The discounted sale has led to substantial financial losses for investors, contradicting Binance’s earlier promise to fully compensate victims of the virtual asset deposit service ‘GoFi.’ The sale occurred amid rising cryptocurrency prices, exacerbating the losses for Gopax’s creditors.

Initial Promises and Unexpected Actions Concerning Gopax Victims Asset Claims


When Binance acquired a majority stake in Gopax, it committed to compensating investors for the approximately KRW 70 billion (around $52 million) lost due to suspending fund withdrawals in the ‘GoFi’ service. Instead of using its funds to cover these losses, Binance sold the victims’ asset claims at extremely discounted rates.

Following the sale, the price of major cryptocurrencies, including Bitcoin, surged, further increasing the financial gap. The debt to GoFi has now increased to an estimated KRW 100 billion (around $75 million), excluding existing repayments.

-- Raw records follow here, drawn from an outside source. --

(* There is an absolute constant $c>0$ such that the following holds. Let $p$ be a prime and let $f_1, f_2:\mathbb F_p \to\mathbb C$. Define $F:\mathbb F_p\to\mathbb C$ by $$F(x) =\frac 1p \sum_{y\in\mathbb F_p} f_1 (x+y)\, f_2 (x+y^2).$$ Then $$\big\Vert F-\mathbb E[f_1]\cdot \mathbb E[f_2]\big\Vert_2 \leq c\,p^{-\frac 1{10}} \Vert f_1\Vert_2 \cdot \Vert f_2\Vert_2 .$$
   Context: For $f:\mathbb F_p\to\mathbb C$, $\mathbb E[f]=\frac1p\sum_{x\in\mathbb F_p} f(x)$ and $\Vert f\Vert_2=\big(\frac1p\sum_{x\in\mathbb F_p}|f(x)|^2\big)^{1/2}$ (normalized counting measure). In $F-\mathbb E[f_1]\cdot\mathbb E[f_2]$, the product $\mathbb E[f_1]\mathbb E[f_2]$ denotes the constant function. *)

theory Defs
  imports "HOL-Analysis.Analysis" "HOL-Computational_Algebra.Primes"
begin

text \<open>F_p is modelled as the residues {0..<p} with arithmetic mod p.
Functions F_p -> C are functions nat => complex; only their values on {0..<p} matter.\<close>

definition expect :: "nat \<Rightarrow> (nat \<Rightarrow> complex) \<Rightarrow> complex" where
  "expect p f = (\<Sum>x<p. f x) / of_nat p"

definition norm2 :: "nat \<Rightarrow> (nat \<Rightarrow> complex) \<Rightarrow> real" where
  "norm2 p f = sqrt ((\<Sum>x<p. (cmod (f x))\<^sup>2) / real p)"

definition corrF :: "nat \<Rightarrow> (nat \<Rightarrow> complex) \<Rightarrow> (nat \<Rightarrow> complex) \<Rightarrow> nat \<Rightarrow> complex" where
  "corrF p f1 f2 x = (\<Sum>y<p. f1 ((x + y) mod p) * f2 ((x + y^2) mod p)) / of_nat p"

end

theory Submission
  imports Defs "HOL-Library.Real_Mod"
begin

text \<open>
  Subtracting its mean from \<open>f2\<close> turns
  \<open>F - E[f1] E[f2]\<close> into the correlation of \<open>f1\<close> with a mean-zero function, so assume
  \<open>E[f2] = 0\<close>. Two applications of Cauchy--Schwarz give
  \<open>\<parallel>F\<parallel>^4 \<le> \<parallel>f1\<parallel>^4 E_{x,h} |\<Psi>(x,h)|^2\<close>, where
  \<open>\<Psi>(x,h) = E_y f2(x + y^2) conj(f2(x + h + (y - h)^2))\<close>.

  Expanding \<open>f2\<close> in its Fourier series, the Fourier coefficients of \<open>\<Psi>(\<cdot>,h)\<close> are combinations
  of the products \<open>f2^(\<xi> + \<eta>) conj(f2^(\<eta>))\<close>, weighted by quadratic exponential sums in \<open>y\<close>.
  By Gauss sums the Gram matrix of these weights, as functions of \<open>h\<close>, has off-diagonal entries
  of size \<open>p^(-1/2)\<close> when \<open>\<xi> \<noteq> 0\<close>; the one large entry \<open>\<xi> = \<eta> = 0\<close> is killed by \<open>f2^(0) = 0\<close>.
  Hence \<open>E|\<Psi>|^2 \<le> 3 p^(-1/2) \<parallel>f2\<parallel>^4\<close> and \<open>\<parallel>F\<parallel> \<le> 3^(1/4) p^(-1/8) \<parallel>f1\<parallel> \<parallel>f2\<parallel>\<close>.
  For \<open>p = 2\<close> one has \<open>y^2 = y\<close>, and Cauchy--Schwarz alone suffices.
\<close>

definition ep :: "nat \<Rightarrow> int \<Rightarrow> complex" where
  "ep p k = cis (2 * pi * of_int k / of_nat p)"

definition p_periodic :: "nat \<Rightarrow> (int \<Rightarrow> 'a) \<Rightarrow> bool" where
  "p_periodic p g \<longleftrightarrow> (\<forall>x. g x = g (x mod int p))"

lemma ep_add: "ep p (a + b) = ep p a * ep p b"
  unfolding ep_def by (simp add: cis_mult add_divide_distrib distrib_left)

lemma norm_ep [simp]: "norm (ep p a) = 1"
  unfolding ep_def by simp

lemma cnj_ep: "cnj (ep p a) = ep p (- a)"
  unfolding ep_def by (simp add: cis_cnj)

lemma ep_0 [simp]: "ep p 0 = 1"
  unfolding ep_def by simp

An anonymous source familiar with the transaction disclosed to the local news agency Hankyung that Binance offloaded the claims as part of its strategy to manage Gopax’s liabilities.

“Binance initially promised to cover the Gopax victims’ funds with its Industrial Recovery Fund (IRI), but IRI was only used to pay the first damage (about 15 billion won),” the source said. “From the second payment onwards, we paid with Bitcoin obtained by selling the Genesis claim at a low price to a third party, and we are delaying the payment of the remaining 50% of the damage, saying we will pay it after the Gopax acquisition is completed.”

Investor Discontent and Regulatory Scrutiny


Notably, Genesis, the virtual asset deposit service associated with Gopax, had its bankruptcy compensation plan approved by a U.S. court last week. Genesis has committed to returning 77% of the approximately $3 billion in bond funds to creditors.

In contrast, Gemini, another cryptocurrency exchange with funds tied up in Genesis, announced plans to compensate 97% of its affected customers using bankruptcy compensation. Gopax, however, has not made any official statements regarding its compensation plans or the sale of Genesis asset claims.

In a similar case involving the bankrupted FTX exchange, Sunil Kavuri, a leading creditor in the FTX creditor community, criticized the sale of assets at discounted prices, arguing that these assets should have been returned to investors. Kavuri stated,

“Sullivan & Cromwell has trampled over our property rights,” Kavuri said. “They have liquidated billions of dollars of crypto assets. There’s a token S&C sold at 11 cents; it’s now trading at two dollars. FTX had $10 billion in Solana tokens — they sold it at a 70% discount.”

Gopax’s board of directors, which includes Binance representatives, has been accused of withholding information regarding the source of funds used to compensate the second batch of victims last August. The secrecy and the 50% discount at which the Genesis claims were sold have fueled investor frustration and distrust.

The Financial Services Commission (FSC) of South Korea is reviewing Gopax’s executive change report, including appointing Binance personnel as directors. The FSC has also requested additional information from Binance regarding the allegations of money laundering and other concerns.